Residents in both places are subject to social control and surveillance. Instead of re-education camps in Xinjiang, about half a million Shanghai residents who tested positive were sent to quarantine camps. “Shanghai lockdown is a stress test of social control,” Wang Lixiong, an author of books on Xinjiang, Tibet, and surveillance, was quoted as saying. “If the authority can control a complex society like Shanghai, it can control any place in China,” Wang said. Wang himself has been locked down in Shanghai since March.
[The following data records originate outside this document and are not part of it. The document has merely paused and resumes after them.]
(* Let $k$ be a field, $\lambda\in k$, and let $A$ be either $k[x]/(x^2-\lambda)$ or $k[x]/(x^2-x-\lambda)$. Equip $A$ with its universal calculus, which is free as a left module on $\omega=\mathrm{d}x$ with relation $\omega x=-x\omega$ in the first case and $\omega x=\omega-x\omega$ in the second case, and with $\Omega^2=A\,\mathrm{Vol}$ free on $\mathrm{Vol}=\omega\wedge\omega$, $\mathrm{d}\omega=0$. Then: (a) $\mathrm{Vol}$ is central, and every element $g\,\omega\otimes\omega$ ($g\in A$) of $\Omega^1\otimes_A\Omega^1$ is central; no nonzero such element is quantum symmetric. (b) The only torsion free left connection on $\Omega^1$ is $\nabla\omega=0$; it is a bimodule connection with $\sigma(\omega\otimes\omega)=-\omega\otimes\omega$. (c) For invertible $g\in A$, the metric $g\,\omega\otimes\omega$ admits a quantum Levi-Civita connection if and only if $g\in k\setminus\{0\}$, in which case the QLC is unique and equals $\nabla\omega=0$.
   Context: A differential calculus on a unital algebra $A$ is an $A$-bimodule $\Omega^1$ with $\mathrm{d}:A\to\Omega^1$ satisfying the Leibniz rule and with $\Omega^1$ spanned by elements $a\,\mathrm{d}b$; it is extended to degree 2 by a bimodule $\Omega^2$, an associative product $\wedge$ and $\mathrm{d}:\Omega^1\to\Omega^2$ with $\mathrm{d}^2=0$ and the graded Leibniz rule. An element $g\in\Omega^1\otimes_A\Omega^1$ is central if $ag=ga$ for all $a\in A$; quantum symmetric if $\wedge(g)=0$; it is a (quantum) metric if invertible, i.e. there is a bimodule map $(\ ,\ ):\Omega^1\otimes_A\Omega^1\to A$ with $((\eta,\ )\otimes\mathrm{id})g=\eta=(\mathrm{id}\otimes(\ ,\eta))g$ for all $\eta\in\Omega^1$. A left connection is a linear $\nabla:\Omega^1\to\Omega^1\otimes_A\Omega^1$ with $\nabla(a\omega)=a\nabla\omega+\mathrm{d}a\otimes\omega$; a bimodule connection additionally has a bimodule map $\sigma$ with $\nabla(\omega a)=(\nabla\omega)a+\sigma(\omega\otimes\mathrm{d}a)$. $\nabla$ is torsion free if $\wedge\nabla=\mathrm{d}$ on $\Omega^1$, and metric compatible if $(\nabla\otimes\mathrm{id})g+(\sigma\otimes\mathrm{id})(\mathrm{id}\otimes\nabla)g=0$. A quantum Levi-Civita connection (QLC) for $g$ is a torsion free, metric compatible bimodule connection. *)

theory Defs
  imports "HOL-Computational_Algebra.Polynomial"
begin
lemma mpSubst_add: "mpSubst f (P + Q) = mpSubst f P + mpSubst f Q"
proof -
  let ?K = "Poly_Mapping.keys P \<union> Poly_Mapping.keys Q"
  have "mpSubst f (P + Q) =
      (\<Sum>mon\<in>?K. mpConst (Poly_Mapping.lookup (P + Q) mon) * monomial_subst f mon)"
    by (rule mpSubst_superset) (use Poly_Mapping.keys_add[of P Q] in auto)
  also have "\<dots> = mpSubst f P + mpSubst f Q"
    by (simp add: Poly_Mapping.lookup_add mpConst_add distrib_right sum.distrib
        mpSubst_superset[of ?K])
  finally show ?thesis .
qed

lemma mpSubst_single: "mpSubst f (Poly_Mapping.single mon c) = mpConst c * monomial_subst f mon"
  by (subst mpSubst_superset[of "{mon}"]) auto

lemma mpSubst_0 [simp]: "mpSubst f 0 = 0"
  by (simp add: mpSubst_def)

lemma mpSubst_sum: "mpSubst f (sum g I) = (\<Sum>i\<in>I. mpSubst f (g i))"
  by (induct I rule: infinite_finite_induct) (auto simp: mpSubst_add)

lemma mpoly_sum_of_terms:
  "P = (\<Sum>k\<in>Poly_Mapping.keys P. Poly_Mapping.single k (Poly_Mapping.lookup P k))"
  by (rule poly_mapping_eqI)
    (auto simp: Poly_Mapping.lookup_sum Poly_Mapping.lookup_single when_def in_keys_iff)

lemma mpSubst_mult: "mpSubst f (P * Q) = mpSubst f P * mpSubst f Q"
proof -
  have "P * Q = (\<Sum>a\<in>Poly_Mapping.keys P. \<Sum>b\<in>Poly_Mapping.keys Q.
      Poly_Mapping.single (a + b) (Poly_Mapping.lookup P a * Poly_Mapping.lookup Q b))"
    by (subst mpoly_sum_of_terms[of P], subst mpoly_sum_of_terms[of Q])
      (simp add: sum_product Poly_Mapping.mult_single)
  then have "mpSubst f (P * Q) = (\<Sum>a\<in>Poly_Mapping.keys P. \<Sum>b\<in>Poly_Mapping.keys Q.
      (mpConst (Poly_Mapping.lookup P a) * monomial_subst f a) *
      (mpConst (Poly_Mapping.lookup Q b) * monomial_subst f b))"
    by (simp add: mpSubst_sum mpSubst_single mpConst_mult monomial_subst_add mult_ac)
  also have "\<dots> = mpSubst f P * mpSubst f Q"
    by (simp add: mpSubst_def monomial_subst_def sum_product)
  finally show ?thesis .
qed
text \<open>Vectors of R^n are modelled as functions nat => real, only coordinates 0..n-1
  being relevant; the integer vectors z_k (k = 1,2,...) as nat => int.
  Coordinate x_i of the paper is coordinate i-1 here.\<close>

definition ip :: "nat \<Rightarrow> (nat \<Rightarrow> real) \<Rightarrow> (nat \<Rightarrow> real) \<Rightarrow> real" where
  "ip n x y = (\<Sum>i<n. x i * y i)"

definition nrm :: "nat \<Rightarrow> (nat \<Rightarrow> real) \<Rightarrow> real" where
  "nrm n x = sqrt (ip n x x)"

definition rv :: "(nat \<Rightarrow> int) \<Rightarrow> (nat \<Rightarrow> real)" where
  "rv v = (\<lambda>i. real_of_int (v i))"

definition ul :: "nat \<Rightarrow> (nat \<Rightarrow> real) \<Rightarrow> (nat \<Rightarrow> real)" where
  "ul d x = (\<lambda>i. if i < d - 1 then x i else 0)"

text \<open>Euclidean norm of v_0 wedge ... wedge v_(l-1) in the exterior algebra of R^n,
  i.e. the square root of the Gram determinant.\<close>
definition wedge_norm :: "nat \<Rightarrow> nat \<Rightarrow> (nat \<Rightarrow> nat \<Rightarrow> real) \<Rightarrow> real" where
  "wedge_norm n l v = sqrt (det (mat l l (\<lambda>(i,j). ip n (v i) (v j))))"

definition lin_indep :: "nat \<Rightarrow> nat \<Rightarrow> (nat \<Rightarrow> nat \<Rightarrow> real) \<Rightarrow> bool" where
  "lin_indep n l v \<longleftrightarrow>
     (\<forall>c :: nat \<Rightarrow> real. (\<forall>i<n. (\<Sum>j<l. c j * v j i) = 0) \<longrightarrow> (\<forall>j<l. c j = 0))"

definition Zbasis :: "nat \<Rightarrow> (nat \<Rightarrow> nat \<Rightarrow> int) \<Rightarrow> bool" where
  "Zbasis d z \<longleftrightarrow>
     (\<forall>v :: nat \<Rightarrow> int. \<exists>!c :: nat \<Rightarrow> int. (\<forall>j. j \<notin> {1..d} \<longrightarrow> c j = 0) \<and>
        (\<forall>i<d. v i = (\<Sum>j=1..d. c j * z j i)))"

definition detLam :: "nat \<Rightarrow> (nat \<Rightarrow> nat \<Rightarrow> int) \<Rightarrow> nat \<Rightarrow> nat \<Rightarrow> real" where
  "detLam d z k l = wedge_norm (d - 1) l (\<lambda>i. ul d (rv (z (k + i))))"

definition Dkl :: "nat \<Rightarrow> (nat \<Rightarrow> nat \<Rightarrow> int) \<Rightarrow> nat \<Rightarrow> nat \<Rightarrow> real" where
  "Dkl d z k l = detLam d z k l / nrm (d - 1) (ul d (rv (z k))) ^ l"

definition Bk :: "nat \<Rightarrow> (nat \<Rightarrow> nat \<Rightarrow> int) \<Rightarrow> nat \<Rightarrow> real" where
  "Bk d z k = nrm (d - 1) (ul d (rv (z (k + 1)))) / nrm (d - 1) (ul d (rv (z k)))"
He fears an even more dystopian China than what it is today: a digital totalitarian regime that surveils everyone, makes each neighborhood an on-site concentration camp, and controls the society with the same iron fist in a future crisis, be it war, famine, climate disaster or economic meltdown, the report said. “The pandemic did a huge favor to the Chinese Communist Party, which took the opportunity to expand its power infinitely,” Murong Xuecun, author of a new book about the Wuhan lockdown, ‘Deadly Quiet City,’ reportedly said. One of the most striking similarities between the Shanghai lockdown and the Xinjiang crackdown is the political slogans used by the authorities, the report said.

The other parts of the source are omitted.